* _Stored data_
lemma valency_cases_89:
  fixes d al be p q :: nat
  assumes d: "1 \<le> d" "d \<le> 89" and pq: "p + q + 1 = d"
    and p: "44 * al = p * d" and q: "44 * be = q * d"
    and sq: "89 * (int p - int q)\<^sup>2 \<le> (89 - int d)\<^sup>2"
  shows "d = 1 \<or> d = 89 \<or> 11 dvd d"
proof -
  \<comment> \<open>If \<open>11\<close> does not divide \<open>d\<close>, it divides \<open>p\<close> and \<open>q\<close>; then \<open>sq\<close> forces \<open>p = q\<close>, so \<open>d = 2p + 1\<close>.\<close>
  show ?thesis
  proof (rule ccontr)
    assume "\<not> ?thesis"
    then have d11: "\<not> 11 dvd d" and "d \<noteq> 1" "d \<noteq> 89" by auto
    have prime11: "prime (11::nat)" by (simp add: prime_nat_iff' atLeastLessThan_nat_numeral)
    have "p * d = 11 * (4 * al)" "q * d = 11 * (4 * be)" using p q by simp_all
    then have "11 dvd p * d" "11 dvd q * d" by (metis dvd_triv_left)+
    then have "11 dvd p" "11 dvd q" using d11 prime_dvd_mult_iff[OF prime11] by blast+
    have "p = q"
    proof (rule ccontr)
      assume "p \<noteq> q"
      moreover have "int 11 dvd int p" "int 11 dvd int q"
        using \<open>11 dvd p\<close> \<open>11 dvd q\<close> by (simp_all only: int_dvd_int_iff)
      then have "11 dvd int p - int q" by simp
      ultimately have "\<bar>11\<bar> \<le> \<bar>int p - int q\<bar>" by (intro dvd_imp_le_int) auto
      then have "11\<^sup>2 \<le> (int p - int q)\<^sup>2" by (simp only: abs_le_square_iff)
      moreover have "(89 - int d)\<^sup>2 \<le> 88\<^sup>2" using d by (intro power_mono) auto
      ultimately show False using sq by (simp add: power2_eq_square)
    qed
    obtain j where j: "p = 11 * j" using \<open>11 dvd p\<close> by blast
    then have "j = 0 \<or> j = 1 \<or> j = 2 \<or> j = 3 \<or> j = 4" using pq d \<open>p = q\<close> by linarith
    then show False using p j pq \<open>p = q\<close> \<open>d \<noteq> 1\<close> \<open>d \<noteq> 89\<close> by (elim disjE) (simp; presburger)+
  qed
qed

lemma exists_summand_eq_one:
  fixes f :: "'b \<Rightarrow> nat"
  assumes "finite I" "1 < card I" "\<And>i. i \<in> I \<Longrightarrow> 0 < f i" "(\<Sum>i\<in>I. f i) = s" "\<not> c dvd s"
    and cases: "\<And>i. i \<in> I \<Longrightarrow> f i = 1 \<or> f i = s \<or> c dvd f i"
  shows "\<exists>i\<in>I. f i = 1"
proof (rule ccontr)
  assume no_one: "\<not> (\<exists>i\<in>I. f i = 1)"
  show False
  proof (cases "\<exists>i\<in>I. f i = s")
    case True
    then obtain i where i: "i \<in> I" "f i = s" by blast
    have "0 < card (I - {i})" using assms(1,2) i(1) by (simp add: card_Diff_singleton)
    then obtain j where j: "j \<in> I" "j \<noteq> i" by (auto simp: card_gt_0_iff)
    have "f i + f j \<le> (\<Sum>i\<in>I. f i)"
      using i j assms(1) by (simp add: sum.remove member_le_sum)
    then show False using i(2) assms(3)[OF j(1)] assms(4) by simp
  next
    case False
    then have "c dvd (\<Sum>i\<in>I. f i)" using cases no_one by (blast intro: dvd_sum)
    then show False using assms(4,5) by simp
  qed
qed

section \<open>Strongly regular graphs\<close>

locale strongly_regular =
  fixes X :: "'a set" and A :: "('a \<times> 'a) set" and n a lam mu :: nat
  assumes finite_X: "finite X" and card_X: "card X = n"
    and subset: "A \<subseteq> X \<times> X" and symmetric: "A\<inverse> = A" and irreflexive: "(x, x) \<notin> A"
    and degree: "x \<in> X \<Longrightarrow> card (A``{x}) = a"
    and common_neighbours: "x \<in> X \<Longrightarrow> y \<in> X \<Longrightarrow> x \<noteq> y \<Longrightarrow>
      card (A``{x} \<inter> A``{y}) = (if (x, y) \<in> A then lam else mu)"
begin

text \<open>The element \<open>c\<^sub>0 I + c\<^sub>1 A + c\<^sub>2 J\<close> of the Bose-Mesner algebra, as a function on \<open>X \<times> X\<close>.\<close>

definition adj_comb :: "real \<Rightarrow> real \<Rightarrow> real \<Rightarrow> 'a \<Rightarrow> 'a \<Rightarrow> real" where
  "adj_comb c0 c1 c2 x y = c0 * of_bool (x = y) + c1 * of_bool ((x, y) \<in> A) + c2"

lemma adj_comb_commute: "adj_comb c0 c1 c2 x y = adj_comb c0 c1 c2 y x"
proof -
  have "(x, y) \<in> A \<longleftrightarrow> (y, x) \<in> A" using symmetric by blast
  then show ?thesis by (simp add: adj_comb_def eq_commute)
qed

lemma adj_comb_diag: "adj_comb c0 c1 c2 x x = c0 + c2"
  by (simp add: adj_comb_def irreflexive)

lemma sum_adjacent:
  assumes "x \<in> X"
  shows "(\<Sum>z\<in>X. of_bool ((x, z) \<in> A)) = real a"
proof -
  have "X \<inter> {z. (x, z) \<in> A} = A``{x}" using subset by auto
  then show ?thesis using finite_X degree[OF assms] by simp
qed

lemma sum_adjacent':
  assumes "y \<in> X"
  shows "(\<Sum>z\<in>X. of_bool ((z, y) \<in> A)) = real a"
proof -
  have "(z, y) \<in> A \<longleftrightarrow> (y, z) \<in> A" for z using symmetric by blast
  then show ?thesis using sum_adjacent[OF assms] by simp
qed

lemma sum_common_neighbours:
  assumes "x \<in> X" "y \<in> X"
  shows "(\<Sum>z\<in>X. of_bool ((x, z) \<in> A) * of_bool ((z, y) \<in> A))
    = adj_comb (real a - real mu) (real lam - real mu) (real mu) x y"
proof -
  have "X \<inter> {z. (x, z) \<in> A \<and> (z, y) \<in> A} = A``{x} \<inter> A``{y}" using subset symmetric by auto
  then have "(\<Sum>z\<in>X. of_bool ((x, z) \<in> A) * of_bool ((z, y) \<in> A)) = real (card (A``{x} \<inter> A``{y}))"
    using finite_X by (simp flip: of_bool_conj)
  then show ?thesis
    using degree[OF assms(1)] common_neighbours[OF assms] by (cases "x = y") (auto simp: adj_comb_def irreflexive)
qed

lemma adj_comb_mult:
  assumes x: "x \<in> X" and y: "y \<in> X"
  shows "(\<Sum>z\<in>X. adj_comb c0 c1 c2 x z * adj_comb d0 d1 d2 z y) =
    adj_comb (c0*d0 + c1*d1*(real a - real mu))
       (c0*d1 + c1*d0 + c1*d1*(real lam - real mu))
       (c0*d2 + c2*d0 + c1*d1*real mu + real a*c1*d2 + real a*c2*d1 + real n*c2*d2) x y"
proof -
  let ?I = "\<lambda>u v. of_bool (u = v) :: real" and ?A = "\<lambda>u v. of_bool ((u, v) \<in> A) :: real"
  have delta_left: "(\<Sum>z\<in>X. ?I x z * f z) = f x" for f using x finite_X by simp
  have delta_right: "(\<Sum>z\<in>X. f z * ?I z y) = f y" for f using y finite_X by simp
  have "(\<Sum>z\<in>X. adj_comb c0 c1 c2 x z * adj_comb d0 d1 d2 z y) =
     c0*d0*(\<Sum>z\<in>X. ?I x z * ?I z y) + c0*d1*(\<Sum>z\<in>X. ?I x z * ?A z y) + c0*d2*(\<Sum>z\<in>X. ?I x z * 1)
     + c1*d0*(\<Sum>z\<in>X. ?A x z * ?I z y) + c1*d1*(\<Sum>z\<in>X. ?A x z * ?A z y) + c1*d2*(\<Sum>z\<in>X. ?A x z)
     + c2*d0*(\<Sum>z\<in>X. 1 * ?I z y) + c2*d1*(\<Sum>z\<in>X. ?A z y) + c2*d2*(\<Sum>z\<in>X. 1)"
    by (simp add: adj_comb_def algebra_simps sum.distrib sum_distrib_left)
  also have "\<dots> = adj_comb (c0*d0 + c1*d1*(real a - real mu))
       (c0*d1 + c1*d0 + c1*d1*(real lam - real mu))
       (c0*d2 + c2*d0 + c1*d1*real mu + real a*c1*d2 + real a*c2*d1 + real n*c2*d2) x y"
    unfolding delta_left delta_right sum_adjacent[OF x] sum_adjacent'[OF y] sum_common_neighbours[OF x y]
    by (simp add: adj_comb_def card_X algebra_simps)
  finally show ?thesis .
qed

lemma adj_comb_times:
  "adj_comb c0 c1 c2 x y * adj_comb d0 d1 d2 x y =
    adj_comb (c0*d0 + c0*d2 + c2*d0) (c1*d1 + c1*d2 + c2*d1) (c2*d2) x y"
  by (cases "x = y") (auto simp: adj_comb_def irreflexive algebra_simps)

lemma sum_adj_comb:
  "(\<Sum>x\<in>X. \<Sum>y\<in>X. adj_comb c0 c1 c2 x y) = real n * (c0 + real a * c1 + real n * c2)"
proof -
  have "(\<Sum>x\<in>X. \<Sum>y\<in>X. adj_comb c0 c1 c2 x y) = (\<Sum>x\<in>X. c0 + real a * c1 + real n * c2)"
    using finite_X sum_adjacent
    by (intro sum.cong refl) (simp add: adj_comb_def sum.distrib card_X flip: sum_distrib_left)
  then show ?thesis using card_X by (simp add: algebra_simps)
qed

lemma srg_equation:
  assumes "X \<noteq> {}"
  shows "real a * real a = real a - real mu + (real lam - real mu) * real a + real n * real mu"
proof -
  obtain x where x: "x \<in> X" using assms by blast
  have "(\<Sum>y\<in>X. \<Sum>z\<in>X. of_bool ((x, z) \<in> A) * of_bool ((z, y) \<in> A))
      = (\<Sum>z\<in>X. of_bool ((x, z) \<in> A) * (\<Sum>y\<in>X. of_bool ((z, y) \<in> A)) :: real)"
    by (subst sum.swap) (simp only: sum_distrib_left)
  also have "\<dots> = (\<Sum>z\<in>X. of_bool ((x, z) \<in> A) * real a)"
    using sum_adjacent by (intro sum.cong refl) simp
  also have "\<dots> = real a * real a" using sum_adjacent[OF x] by (simp flip: sum_distrib_right)
  moreover have "(\<Sum>y\<in>X. \<Sum>z\<in>X. of_bool ((x, z) \<in> A) * of_bool ((z, y) \<in> A)) =
      real a - real mu + (real lam - real mu) * real a + real n * real mu"
    using sum_common_neighbours[OF x] finite_X x sum_adjacent[OF x]
    by (simp add: adj_comb_def sum.distrib card_X flip: sum_distrib_left)
  ultimately show ?thesis by simp
qed

definition discriminant :: real where
  "discriminant = (real lam - real mu)\<^sup>2 + 4 * (real a - real mu)"

text \<open>For \<open>w\<^sup>2 = discriminant\<close> the eigenvalues of \<open>A\<close> orthogonal to the all-ones vector are
  \<open>\<tau> = (\<lambda> - \<mu> - w)/2\<close> and \<open>\<theta> = \<tau> + w\<close>, and this is the orthogonal projection
  \<open>(A - \<tau>I - (a - \<tau>)/n J)/(\<theta> - \<tau>)\<close> onto the \<open>\<theta>\<close>-eigenspace.\<close>

definition spectral_idempotent :: "real \<Rightarrow> 'a \<Rightarrow> 'a \<Rightarrow> real" where
  "spectral_idempotent w =
    (let \<tau> = (real lam - real mu - w) / 2 in adj_comb (- \<tau> / w) (1 / w) (- (real a - \<tau>) / (real n * w)))"

lemma spectral_idempotent_commute: "spectral_idempotent w x y = spectral_idempotent w y x"
  unfolding spectral_idempotent_def Let_def by (rule adj_comb_commute)

lemma spectral_idempotent_idempotent:
  assumes w: "w\<^sup>2 = discriminant" "w \<noteq> 0" and xy: "x \<in> X" "y \<in> X"
  shows "(\<Sum>z\<in>X. spectral_idempotent w x z * spectral_idempotent w z y) = spectral_idempotent w x y"
proof -
  define \<tau> where "\<tau> = (real lam - real mu - w) / 2"
  have n: "real n \<noteq> 0" using xy card_X finite_X card_0_eq by fastforce
  have srg: "real a * real a = real a - real mu + (real lam - real mu) * real a + real n * real mu"
    using srg_equation xy by blast
  have w2: "w * w = (real lam - real mu)\<^sup>2 + 4 * (real a - real mu)"
    using w unfolding discriminant_def by (simp add: power2_eq_square)
  have "(- \<tau> / w) * (- \<tau> / w) + (1 / w) * (1 / w) * (real a - real mu) = - \<tau> / w"
    using w(2) w2 unfolding \<tau>_def by (simp add: field_simps power2_eq_square) algebra
  moreover have "(- \<tau> / w) * (1 / w) + (1 / w) * (- \<tau> / w) + (1 / w) * (1 / w) * (real lam - real mu) = 1 / w"
    using w(2) unfolding \<tau>_def by (simp add: field_simps)
  moreover have "(- \<tau> / w) * (- (real a - \<tau>) / (real n * w)) + (- (real a - \<tau>) / (real n * w)) * (- \<tau> / w)
      + (1 / w) * (1 / w) * real mu + real a * (1 / w) * (- (real a - \<tau>) / (real n * w))
      + real a * (- (real a - \<tau>) / (real n * w)) * (1 / w)
      + real n * (- (real a - \<tau>) / (real n * w)) * (- (real a - \<tau>) / (real n * w))
      = - (real a - \<tau>) / (real n * w)"
    using w(2) n w2 srg unfolding \<tau>_def by (simp add: field_simps power2_eq_square) algebra
  ultimately show ?thesis
    unfolding spectral_idempotent_def Let_def adj_comb_mult[OF xy] \<tau>_def[symmetric] by simp
qed

lemma discriminant_pos:
  assumes "X \<noteq> {}" "1 \<le> a" "a < n" "mu \<le> a"
  shows "0 < discriminant"
proof -
  have "discriminant \<noteq> 0"
  proof
    assume "discriminant = 0"
    moreover have "0 \<le> (real lam - real mu)\<^sup>2" "real mu \<le> real a" using assms(4) by simp_all
    ultimately have "(real lam - real mu)\<^sup>2 = 0 \<and> 4 * (real a - real mu) = 0"
      unfolding discriminant_def by (simp add: add_nonneg_eq_0_iff)
    then have "lam = mu" "a = mu" by simp_all
    then have "real a * real a = real n * real a" using srg_equation[OF assms(1)] by simp
    then show False using assms(2,3) by simp
  qed
  moreover have "0 \<le> discriminant" using assms(4) unfolding discriminant_def by simp
  ultimately show ?thesis by linarith
qed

* _Action item_
Reprint the data above from the opening line to the line holding "(intro dvd_imp_le_int) auto", inclusive, and nothing else.

* _Response area_
lemma valency_cases_89:
  fixes d al be p q :: nat
  assumes d: "1 \<le> d" "d \<le> 89" and pq: "p + q + 1 = d"
    and p: "44 * al = p * d" and q: "44 * be = q * d"
    and sq: "89 * (int p - int q)\<^sup>2 \<le> (89 - int d)\<^sup>2"
  shows "d = 1 \<or> d = 89 \<or> 11 dvd d"
proof -
  \<comment> \<open>If \<open>11\<close> does not divide \<open>d\<close>, it divides \<open>p\<close> and \<open>q\<close>; then \<open>sq\<close> forces \<open>p = q\<close>, so \<open>d = 2p + 1\<close>.\<close>
  show ?thesis
  proof (rule ccontr)
    assume "\<not> ?thesis"
    then have d11: "\<not> 11 dvd d" and "d \<noteq> 1" "d \<noteq> 89" by auto
    have prime11: "prime (11::nat)" by (simp add: prime_nat_iff' atLeastLessThan_nat_numeral)
    have "p * d = 11 * (4 * al)" "q * d = 11 * (4 * be)" using p q by simp_all
    then have "11 dvd p * d" "11 dvd q * d" by (metis dvd_triv_left)+
    then have "11 dvd p" "11 dvd q" using d11 prime_dvd_mult_iff[OF prime11] by blast+
    have "p = q"
    proof (rule ccontr)
      assume "p \<noteq> q"
      moreover have "int 11 dvd int p" "int 11 dvd int q"
        using \<open>11 dvd p\<close> \<open>11 dvd q\<close> by (simp_all only: int_dvd_int_iff)
      then have "11 dvd int p - int q" by simp
      ultimately have "\<bar>11\<bar> \<le> \<bar>int p - int q\<bar>" by (intro dvd_imp_le_int) auto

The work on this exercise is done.